Harry laughed sarcastically. “Old bitch, old whore.”

She no longer had the capacity for being insulted. She herself had begged him, let me be your bitch.

“Okay, bitch, imagine I talked in secret testimony. But imagine I mentioned only innocent people — Mady, Julie. You follow my logic? I imagined that because they were innocent, the committee wouldn’t touch them. They did touch them. They killed them. I imagined they’d only go after Communists, and for that reason I didn’t name Communists. They swore they’d only go after reds. They didn’t keep their promise. They didn’t imagine the same way I did. That’s why I went from executive session to public session and attacked McCarthy.”

(Are you now or have you ever been a member of the Communist Party?

(You’re the Communist, Senator, you’re the red agent, Moscow pays you, Senator McCarthy, you’re the best propaganda for Communism, Senator.

(Point of order! Contempt! The witness is guilty of contempt of Congress.)

“Is that why I spent a year in jail? Is that why they have no choice but to respect me and accept me as one of their own? Is that why I’m a hero? But am I also an informer? Do they imagine I informed because I believed no one could prove the unprovable, that Mady Christians or John Garfield was a Communist? Do they think I didn’t understand the logic of the persecution, which was to turn the innocent into victims? Do they imagine I named only innocents because I myself was guilty of innocence? Was it easier to terrorize the innocent rather than the culpable? Could someone say, I was or am a Communist and take the consequences honorably? Is that the logic of terror? Yes, terror is like an invisible vise that crushes you the way emphysema is suffocating me. You can’t do anything, and you end up exhausted, dead, sick, or a suicide. Terror kills the innocent with fear. It’s the inquisitor’s most powerful weapon. Tell me I was an idiot, that I wasn’t able to foresee that.”
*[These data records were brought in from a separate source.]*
lemma block_code_shift: "0 < L \<Longrightarrow> (\<lambda>j. block_code blk L u (j + k * L)) = block_code blk L (\<lambda>i. u (i + k))"
  by (intro ext) (simp add: block_code_def add.commute)

lemma block_code_cong:
  "(\<And>i. i < k \<Longrightarrow> u i = v i) \<Longrightarrow> i < k * L \<Longrightarrow> block_code blk L u i = block_code blk L v i"
  by (simp add: block_code_def less_mult_imp_div_less)

lemma prod_block_code:
  assumes "\<And>j. j < k \<Longrightarrow> length (blk (u j)) = L"
  shows "(\<Prod>i<k * L. h (block_code blk L u i)) = (\<Prod>j<k. word_weight h (blk (u j)))"
proof -
  have "(\<Prod>i<k * L. h (block_code blk L u i)) = (\<Prod>j<k. \<Prod>i\<in>{j * L..<j * L + L}. h (block_code blk L u i))"
    by (rule prod.nat_group[symmetric])
  also have "\<dots> = (\<Prod>j<k. word_weight h (blk (u j)))"
  proof (rule prod.cong[OF refl])
    fix j assume "j \<in> {..<k}"
    have "(\<Prod>i\<in>{0 + j * L..<L + j * L}. h (block_code blk L u i)) = (\<Prod>t\<in>{0..<L}. h (block_code blk L u (t + j * L)))"
      by (rule prod.shift_bounds_nat_ivl)
    also have "\<dots> = word_weight h (blk (u j))"
      using assms \<open>j \<in> {..<k}\<close> by (auto simp: word_weight_def block_code_def atLeast0LessThan intro!: prod.cong)
    finally show "(\<Prod>i\<in>{j * L..<j * L + L}. h (block_code blk L u i)) = word_weight h (blk (u j))"
      by (simp add: add.commute)
  qed
  finally show ?thesis .
qed

locale disjoint_blocks = similarity_ifs +
  fixes m L :: nat and blk :: "nat \<Rightarrow> nat list"
  assumes L_pos: "0 < L"
    and blk_length: "\<And>j. j < m \<Longrightarrow> length (blk j) = L"
    and blk_set: "\<And>j. j < m \<Longrightarrow> set (blk j) \<subseteq> {1..N}"
    and blk_disjoint: "\<And>j j'. j < m \<Longrightarrow> j' < m \<Longrightarrow> j \<noteq> j' \<Longrightarrow>
      word_map f (blk j) ` attractor N f \<inter> word_map f (blk j') ` attractor N f = {}"
begin

lemma block_code_in_code_space:
  assumes "\<forall>i. u i < m"
  shows "block_code blk L u \<in> code_space N"
  unfolding code_space_def block_code_def
proof (intro CollectI allI)
  fix i
  have "blk (u (i div L)) ! (i mod L) \<in> set (blk (u (i div L)))"
    using assms blk_length L_pos by (intro nth_mem) auto
  then show "blk (u (i div L)) ! (i mod L) \<in> {1..N}" using blk_set assms by blast
qed

lemma address_block_code_in_block_image:
  assumes "\<forall>i. u i < m"
  shows "address f (block_code blk L u) \<in> word_map f (blk (u 0)) ` attractor N f"
proof -
  have "address f (block_code blk L u)
      = word_map f (blk (u 0)) (address f (\<lambda>j. block_code blk L u (j + length (blk (u 0)))))"
    using assms blk_length L_pos
    by (intro address_prefix block_code_in_code_space) (auto simp: block_code_def)
  also have "(\<lambda>j. block_code blk L u (j + length (blk (u 0)))) = block_code blk L (\<lambda>i. u (i + 1))"
    using block_code_shift[OF L_pos, where u = u and k = 1] assms blk_length by simp
  finally show ?thesis
    using assms block_code_in_code_space[of "\<lambda>i. u (i + 1)"] attractor_eq_address_image by auto
qed

lemma dist_address_block_code:
  assumes "\<forall>i. u i < m" "\<forall>i. v i < m" "\<And>i. i < k \<Longrightarrow> u i = v i"
  shows "dist (address f (block_code blk L u)) (address f (block_code blk L v)) =
    (\<Prod>j<k. word_weight lc (blk (u j))) *
    dist (address f (block_code blk L (\<lambda>i. u (i + k)))) (address f (block_code blk L (\<lambda>i. v (i + k))))"
proof -
  define w where "w = map (block_code blk L u) [0..<k * L]"
  have "address f (block_code blk L u) = word_map f w (address f (block_code blk L (\<lambda>i. u (i + k))))"
    using address_prefix[OF block_code_in_code_space[OF assms(1)], of w] block_code_shift[OF L_pos]
    by (simp add: w_def)
  moreover have "address f (block_code blk L v) = word_map f w (address f (block_code blk L (\<lambda>i. v (i + k))))"
    using address_prefix[OF block_code_in_code_space[OF assms(2)], of w] block_code_shift[OF L_pos]
      block_code_cong[of k v u] assms(3)
    by (simp add: w_def)
  moreover have "set w \<subseteq> {1..N}"
    using block_code_in_code_space[OF assms(1)] by (auto simp: w_def code_space_def)
  moreover have "word_weight lc w = (\<Prod>j<k. word_weight lc (blk (u j)))"
    unfolding w_def word_weight_map using assms(1) blk_length by (intro prod_block_code) auto
  ultimately show ?thesis by (simp add: dist_word_map)
qed

lemma block_code_separated:
  obtains \<gamma> where "0 < \<gamma>"
    "separated_coding dist m (\<lambda>j. word_weight lc (blk j)) \<gamma> (\<lambda>u. address f (block_code blk L u))"
proof -
  have "compact (word_map f (blk j) ` attractor N f)" if "j < m" for j
  proof (rule compact_continuous_image[OF lipschitz_on_continuous_on])
    show "(word_weight lc (blk j))-lipschitz_on (attractor N f) (word_map f (blk j))"
      using dist_word_map[OF blk_set[OF that]] word_weight_lc_pos[OF blk_set[OF that]]
      by (intro lipschitz_onI) auto
    show "compact (attractor N f)" using compact_address_image attractor_eq_address_image by simp
  qed
  then obtain \<gamma> where "0 < \<gamma>" and gap: "\<And>j j' x y. j < m \<Longrightarrow> j' < m \<Longrightarrow> j \<noteq> j' \<Longrightarrow>
      x \<in> word_map f (blk j) ` attractor N f \<Longrightarrow> y \<in> word_map f (blk j') ` attractor N f \<Longrightarrow> \<gamma> \<le> dist x y"
    using finite_disjoint_compacts_gap[of m "\<lambda>j. word_map f (blk j) ` attractor N f"] blk_disjoint by metis
  have "\<gamma> * (\<Prod>i<k. word_weight lc (blk (u i))) \<le> dist (address f (block_code blk L u)) (address f (block_code blk L v))"
    if u: "\<forall>i. u i < m" and v: "\<forall>i. v i < m" and "\<forall>i<k. u i = v i" "u k \<noteq> v k" for u v k
  proof -
    have "\<gamma> \<le> dist (address f (block_code blk L (\<lambda>i. u (i + k)))) (address f (block_code blk L (\<lambda>i. v (i + k))))"
      using address_block_code_in_block_image[of "\<lambda>i. u (i + k)"]
        address_block_code_in_block_image[of "\<lambda>i. v (i + k)"] that
      by (intro gap[of "u k" "v k"]) auto
    moreover have "0 \<le> (\<Prod>i<k. word_weight lc (blk (u i)))"
    proof (intro prod_nonneg word_weight_nonneg)
      fix i j assume "j \<in> set (blk (u i))"
      then have "j \<in> {1..N}" using u blk_set by blast
      then show "0 \<le> lc j" using lc by blast
    qed
    ultimately show ?thesis
      using dist_address_block_code[OF u v, of k] that(3) by (simp add: mult.commute[of \<gamma>] mult_left_mono)
  qed
  then show thesis using that \<open>0 < \<gamma>\<close> by (auto simp: separated_coding_def)
qed

end

lemma exists_power_ge_1:
  fixes b S :: real
  assumes "1 < S" "0 < b"
  obtains n where "0 < n" "1 \<le> b * S ^ n"
proof -
  obtain n where "1 / b < S ^ n" using real_arch_pow[OF assms(1)] by blast
  then have "1 < b * S ^ n" using assms(2) by (simp add: field_simps)
  moreover have "b * S ^ n \<le> b * S ^ Suc n"
    using assms by (intro mult_left_mono power_increasing) auto
  ultimately have "1 \<le> b * S ^ Suc n" by linarith
  then show thesis using that[of "Suc n"] by simp
qed

lemma sum_powr_strict_antimono:
  fixes a :: "nat \<Rightarrow> real"
  assumes "finite A" "A \<noteq> {}" "\<And>i. i \<in> A \<Longrightarrow> 0 < a i \<and> a i < 1" "s < t"
  shows "(\<Sum>i\<in>A. a i powr t) < (\<Sum>i\<in>A. a i powr s)"
  using assms by (intro sum_strict_mono powr_less_mono') auto

context similarity_ifs
begin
“Why didn’t the inquisitors denounce you, why didn’t they reveal that you’d talked in secret session?”

“Because if they revealed my double game, they would also reveal their own. They would have lost an ace from their deck. They kept their mouths shut about my betrayal, they ultimately made martyrs of the people I named, which was no problem for them, because they had their list of victims prepared beforehand. An informer only confirmed publicly what they wanted to hear. Many more witnesses denounced Mady Christians and John Garfield, publicly. That’s why they said nothing about my informing. They jailed me for rebelliousness, sent me to jail, and when I got out, I had to go into exile. Either way, they defeated me, made me impossible for myself.”

“Do your friends in Cuernavaca know all that?”

“I don’t know, Laura. But I suppose they do. They’re divided. For them it’s good to have me among them as a martyr, better than expelling me as an informer. But they don’t talk to me or look me in the eye.”

She begged him to leave Cuernavaca with her; both of them, alone, elsewhere, could give each other what two solitary beings can give each other, two losers, together we can be what we are what we aren’t. Let’s go before an immense void swallows us up, my love, let’s die in secret, with all our secrets, let’s go, my love.

“I swear I’ll keep my mouth shut forever.”